在雾气氤氲中,把下巴浸在浴缸里咕噜咕噜吐着泡泡的薇拉:“……”
大致扫一遍整间屋子值钱东西位置要不了多久,而且她也不是第一次查看地图了——先前无论是换衣、晚餐、饭后甜点、露台赏景——凡是能得个空不用时时刻刻应付泪光闪闪看着她的罗森特夫人时,她都会抽空看一眼地图默背两下,这会儿终于在洗澡时得到了一段完整的独处放松时间,她整个人泡在热水里发了很久的呆,直到水温渐冷才想起来起身擦干,穿上放在一旁的崭新睡裙开门,走到房间里。
1899年,特斯拉的交流电已经在电流大战中击败了爱迪生的直流电广泛应用于市场,这栋占据金字塔尖财富等级的富人宅邸自然走在时代前沿,已经配备了电灯、风扇、电熨斗,还有串联起主人房和仆人房以便随时传唤佣人的电铃,整体氛围……到处都是精美的墙纸、工艺高超的石膏线以及擦得锃亮的橡木地板,看上去简直已经跟充斥西部风格和粗犷暴力的《荒野大镖客2》没什么关系了,非要说这画风可能更接近于薇拉前世看的外国年代片里的布景,比如唐顿庄园什么的……虽说那个不是美国背景时代也不太对,但总之差不多那意思吧,嗯。
而这间房从前属于那个可怜的小女孩艾米丽,明明白白作为替身住进来的薇拉自然而然会被安置在这里,可以看出那个有好命没福享的孩子生前有多受宠惯爱护:名义上是儿童房的卧室实际上宽敞异常,显然是罗森特夫妇从一开始就给女儿准备好了直到成年也无需挪窝,配有浴室和卫生间形成一整个套房,是给孩子安全感归属感拉满的私人空间。

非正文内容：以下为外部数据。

lemma same_relations_on_insert_independent:
  assumes I: "finite I" "j \<notin> I" and "finite C"
    and indep: "\<And>n m. zmult n (a j) = (\<Sum>i\<in>I. zmult (m i) (a i)) \<Longrightarrow> n = 0"
    and IH: "same_relations_on a b I C"
  shows "same_relations_on a (b(j := 1 + (\<Sum>c\<in>C. \<bar>\<Sum>i\<in>I. c i * b i\<bar>))) (insert j I) C"
proof -
  define B where "B = 1 + (\<Sum>c\<in>C. \<bar>\<Sum>i\<in>I. c i * b i\<bar>)"
  have "(\<Sum>i\<in>insert j I. zmult (c i) (a i)) = 0 \<longleftrightarrow>
      c j * B + (\<Sum>i\<in>I. c i * b i) = 0" if "c \<in> C" for c
  proof (cases "c j = 0")
    case True
    then show ?thesis using IH \<open>c \<in> C\<close> I by (simp add: same_relations_on_def)
  next
    case False
    have "(\<Sum>i\<in>insert j I. zmult (c i) (a i)) \<noteq> 0"
    proof
      assume "(\<Sum>i\<in>insert j I. zmult (c i) (a i)) = 0"
      then have "zmult (c j) (a j) = (\<Sum>i\<in>I. zmult (- c i) (a i))"
        using I by (simp add: zmult_uminus_left sum_negf eq_neg_iff_add_eq_0)
      then show False using indep[of "c j" "\<lambda>i. - c i"] False by blast
    qed
    moreover have "\<bar>\<Sum>i\<in>I. c i * b i\<bar> < B"
      using member_le_sum[OF \<open>c \<in> C\<close>, of "\<lambda>c. \<bar>\<Sum>i\<in>I. c i * b i\<bar>"] \<open>finite C\<close>
      by (simp add: B_def)
    ultimately show ?thesis using add_mult_large_neq_0 False by blast
  qed
  moreover have "(\<Sum>i\<in>insert j I. c i * (b(j := B)) i) = c j * B + (\<Sum>i\<in>I. c i * b i)" for c
  proof -
    have "(\<Sum>i\<in>I. c i * (b(j := B)) i) = (\<Sum>i\<in>I. c i * b i)"
      using I(2) by (intro sum.cong) auto
    then show ?thesis using I by simp
  qed
  ultimately show ?thesis unfolding same_relations_on_def B_def by simp
qed
lemma extreme_PH_Z_hom_Z_S:
  assumes ext: "extreme_point_fun \<phi> PH_Z"
  shows "hom_Z_S \<phi>"
proof -
  have PH: "\<phi> \<in> PH_Z" using ext by (simp add: extreme_point_fun_def)
  then have "\<phi> 0 = 1" by (simp add: PH_Z_def)
  obtain u z \<alpha> where u: "u * u = -1" and "cmod z = 1" and \<alpha>: "0 < \<alpha>" "\<alpha> \<le> 1"
    and Im: "\<alpha> < 1 \<Longrightarrow> Im z \<noteq> 0"
    and \<phi>: "\<And>n. \<phi> n = \<alpha> *\<^sub>R quat_of_complex u (z powi n) + (1 - \<alpha>) *\<^sub>R quat_of_complex u (cnj z powi n)"
    using recurrence_mixture_of_characters[OF \<open>\<phi> 0 = 1\<close> extreme_PH_Z_recurrence[OF ext]
        PH_Z_qnorm2_le_1[OF PH]] by blast
  define a where "a n = quat_of_complex u (cnj z powi n)" for n
  define b where "b n = quat_of_complex u (z powi n)" for n
  have hom_b: "hom_Z_S b"
    unfolding b_def by (rule hom_Z_S_quat_of_complex_power_int[OF u \<open>cmod z = 1\<close>])
  show ?thesis
  proof (cases "\<alpha> = 1")
    case True
    then have "\<phi> = b" by (simp add: fun_eq_iff \<phi> b_def)
    then show ?thesis using hom_b by simp
  next
    case False
    with \<alpha> have "0 < \<alpha>" "\<alpha> < 1" by auto
    have "a \<noteq> b"
    proof
      assume "a = b"
      have "(2 * Im z) *\<^sub>R u = b 1 - a 1" by (simp add: a_def b_def quat_of_complex_def quat_eq_iff)
      then have "u = 0" using \<open>a = b\<close> Im \<open>\<alpha> < 1\<close> by simp
      then show False using u by (simp add: quat_eq_iff)
    qed
    moreover have "a \<in> PH_Z"
      unfolding a_def using hom_Z_S_in_PH_Z[OF hom_Z_S_quat_of_complex_power_int[OF u]] \<open>cmod z = 1\<close>
      by simp
    moreover have "b \<in> PH_Z" using hom_Z_S_in_PH_Z[OF hom_b] .
    moreover have "\<phi> = (\<lambda>n. (1 - \<alpha>) *\<^sub>R a n + \<alpha> *\<^sub>R b n)"
      by (simp add: fun_eq_iff \<phi> a_def b_def add.commute)
    ultimately show ?thesis
      using ext \<open>0 < \<alpha>\<close> \<open>\<alpha> < 1\<close> unfolding extreme_point_fun_def by blast
  qed
qed

theorem mainTheorem8:
  fixes \<phi> :: "int \<Rightarrow> quat"
  shows "extreme_point_fun \<phi> PH_Z \<longleftrightarrow> hom_Z_S \<phi>"
  using extreme_PH_Z_hom_Z_S hom_Z_S_extreme_point by blast

end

尽管早就入夜,这里却有电灯将房间照得灯火通明,房间四壁贴着底色为奶油白的繁复印花壁纸,上面还间或点缀着几只一看就会被儿童喜爱的小鸟图案,正中一张目测两米以上的四柱大床铺了织着藤蔓花纹的可爱淡粉色床品,下方则压着一张覆盖了大床和周围一大圈地面的绒毯,床头的矮柜上摆着一排精美的瓷娃娃,每一个都穿着不同年代风格的小裙子,各种蕾丝缎带珍珠扣一应俱全,细致得完全不输真正的服装,而且显然这样的娃娃衣服不只玩具身上这几套——透过旁边那个做成迷你衣柜形状的匣子的玻璃前盖可以看到里面全是各式各样的小衣服和配饰;
而床的另一侧,只见打磨得油光锃亮的黑胡桃木梳妆台上摆着些精致漂亮的瓶瓶罐罐,书架上也满满登登摆放着许多精美书籍,从小孩子的童话本到大些的启蒙读物,再到青少年期各国名著,甚至各方向专业知识的书籍——完全就是一位因为想象不出孩子长大后会喜欢哪一种于是干脆能想到全堆过来的母亲的心意,都在这里被精心保存着丝毫不曾落灰,静静等候那个根本不可能有朝一日翻开它们的、已经和这些书不在同一个世界的小主人。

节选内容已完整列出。